Esma Ben Said
23 Décembre 2015•Mise à jour: 23 Décembre 2015
AA/Bamako/Moussa Bolly
Une "dizaine" de combattants du groupe armé terroriste Al-Mourabitoune lié à al Qaida, qui avait revendiqué l’attaque de l’hôtel Radisson Blu de Bamako en novembre dernier, ont été «neutralisés», lors de violents combats avec les soldats français de l’opération Barkhane, a annoncé le ministère français de la Défense.
«Dans la nuit du 19 au 20 décembre, les forces françaises ont conduit une opération dans la région de Ménaka, au Mali (Nord), contre des éléments affiliés au groupe terroriste « Al Mourabitoun», responsable de nombreux attentats à l’encontre des populations malienne et nigérienne, des forces armées locales et des forces internationales», indique un communiqué du ministère français publié mardi nuit, et dont Anadolu a reçu copie.
«Au terme de combats violents qui ont duré près de quatre heures, deux pick-ups et une dizaine de motos ont été saisis. Une dizaine de terroristes ont été neutralisés. Une quantité importante d’armements et d’explosifs a été récupérée», a précisé le ministère.
Al-Mourabitoune est un groupe «divisé» en deux factions : la première se faisant appeler, depuis juillet dernier «Al-Qaida en Afrique de l'ouest» est dirigée par l'algérien Mokhtar Belmokhtar, identifié comme «l’ennemi numéro 1 de la France». Cette faction, la plus importante, a revendiqué la prise d'otage à l'hôtel Radisson de Bamako qui a fait 22 morts, le 20 novembre dernier, mais aussi l'attaque d'un restaurant de Bamako où cinq personnes ont été tuées en mars dernier ainsi que l'attaque de l'hôtel Byblos de Sévaré, dans le centre du Mali, où 17 personnes ont trouvé la mort en août dernier.

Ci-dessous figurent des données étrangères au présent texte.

definition efficient_influence_function ::
  "'z::polish_space measure \<Rightarrow> 'z measure set \<Rightarrow> 'z measure \<Rightarrow> (('z \<Rightarrow> real) \<Rightarrow> 'h::real_inner)
     \<Rightarrow> ('z \<Rightarrow> 'h) \<Rightarrow> bool" where
  "efficient_influence_function lam M P D phi \<longleftrightarrow>
     (\<exists>A. efficient_influence_operator lam M P D A \<and>
          (AE z in P. \<forall>h. A h z = inner h (phi z)))"

definition influence_function ::
  "'z::polish_space measure \<Rightarrow> 'z measure set \<Rightarrow> 'z measure \<Rightarrow> (('z \<Rightarrow> real) \<Rightarrow> 'h::real_inner)
     \<Rightarrow> ('z \<Rightarrow> 'h) \<Rightarrow> bool" where
  "influence_function lam M P D phi \<longleftrightarrow>
     (\<exists>Dext A. bounded_linear_on P (L2_0 P) Dext \<and>
        (\<forall>f\<in>tangent_space lam M P. Dext f = D f) \<and>
        is_adjoint P (L2_0 P) Dext A \<and>
        (\<forall>h. AE z in P. A h z = inner h (phi z)))"

text \<open>L^2(P;'h): Bochner (= Borel, 'h being separable) measurable, square-integrable norm.\<close>
definition L2H :: "'z measure \<Rightarrow> ('z \<Rightarrow> 'h::real_normed_vector) set" where
  "L2H P = {f. f \<in> borel_measurable P \<and> integrable P (\<lambda>z. (norm (f z))\<^sup>2)}"

definition L2Hnorm :: "'z measure \<Rightarrow> ('z \<Rightarrow> 'h::real_normed_vector) \<Rightarrow> real" where
  "L2Hnorm P f = sqrt (\<integral>z. (norm (f z))\<^sup>2 \<partial>P)"

definition Phi :: "'z::polish_space measure \<Rightarrow> 'z measure set \<Rightarrow> 'z measure \<Rightarrow> ('z \<Rightarrow> 'h::real_normed_vector) set" where
  "Phi lam M P =
     {f \<in> L2H P. \<forall>\<epsilon>>0. \<exists>(n::nat) s h. (\<forall>i<n. s i \<in> tangent_space lam M P) \<and>
        L2Hnorm P (\<lambda>z. f z - (\<Sum>i<n. s i z *\<^sub>R h i)) < \<epsilon>}"

definition is_orth_proj :: "'z measure \<Rightarrow> ('z \<Rightarrow> 'h::real_inner) set \<Rightarrow> ('z \<Rightarrow> 'h) \<Rightarrow> ('z \<Rightarrow> 'h) \<Rightarrow> bool" where
  "is_orth_proj P S f g \<longleftrightarrow>
     g \<in> S \<and> (\<forall>k\<in>S. (\<integral>z. inner (f z - g z) (k z) \<partial>P) = 0)"

end

theory Submission
  imports Defs
begin

text \<open>
  The projection exists because Phi is a closed subspace of L2(P;H), and L2(P;H) is complete by
  the Riesz-Fischer argument: a Cauchy sequence has a subsequence with summable increments, which
  converges almost everywhere, and Fatou's lemma turns this into convergence in L2.

  For f in the tangent space and h in H the function z |-> f z h lies in Phi, so orthogonality of
  phi_ext - phi to Phi gives <D f, h> = E[f <h, phi_ext>] = E[f <h, phi>]. Moreover <h, phi> lies in
  the tangent space, being an L2 limit of linear combinations of tangent-space functions. Hence
  h |-> <h, phi> is the adjoint of D on the tangent space.

  The influence-function identity is only available on L2_0(P); it applies because scores have
  mean zero: along a submodel the root densities stay on the unit sphere of L2(lam), so the
  derivative s sqrt p / 2 is orthogonal to sqrt p, and that inner product is E[s] / 2.
\<close>

section \<open>Square-integrable Hilbert-space-valued functions\<close>

definition L2H_inner :: "'z measure \<Rightarrow> ('z \<Rightarrow> 'h::real_inner) \<Rightarrow> ('z \<Rightarrow> 'h) \<Rightarrow> real" where
  "L2H_inner M f g = (\<integral>z. inner (f z) (g z) \<partial>M)"

lemma L2H_borel_measurable: "f \<in> L2H M \<Longrightarrow> f \<in> borel_measurable M"
  by (simp add: L2H_def)

lemma L2H_bound:
  fixes f :: "'z \<Rightarrow> 'h::{real_normed_vector, second_countable_topology}"
    and g :: "'z \<Rightarrow> 'k::{real_normed_vector, second_countable_topology}"
  assumes "f \<in> borel_measurable M" "g \<in> L2H M" "\<And>z. norm (f z) \<le> C * norm (g z)"
  shows "f \<in> L2H M"
proof -
  have [measurable]: "f \<in> borel_measurable M" "g \<in> borel_measurable M"
    and int: "integrable M (\<lambda>z. C\<^sup>2 * (norm (g z))\<^sup>2)"
    using assms(1,2) by (auto simp: L2H_def)
  have bound: "norm ((norm (f z))\<^sup>2) \<le> norm (C\<^sup>2 * (norm (g z))\<^sup>2)" for z
  proof -
    have "(norm (f z))\<^sup>2 \<le> (C * norm (g z))\<^sup>2"
      by (rule power_mono[OF assms(3) norm_ge_zero])
    then show ?thesis by (simp add: power_mult_distrib abs_mult)
  qed
  have "integrable M (\<lambda>z. (norm (f z))\<^sup>2)"
    by (rule Bochner_Integration.integrable_bound[OF int _ AE_I2[OF bound]]) measurable
  then show ?thesis using assms(1) by (simp add: L2H_def)
qed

La seconde faction d’Al Mourabitoune, qui a prêté allégeance en mai dernier, à Daech, concurrent direct d'Al-Qaïda au Maghreb (Aqmi) est dirigée par Abu Walid El Saharaoui mais considérée par les observateurs comme "mineure".
Malgré la présence internationale - un millier de soldats français déployés dans le cadre de Barkhane et près de 10 mille hommes dans le cadre de la force onusienne Minusma-, la menace terroriste est toujours très présente au Mali où un état d’urgence a été décrété, lundi, pour dix jours.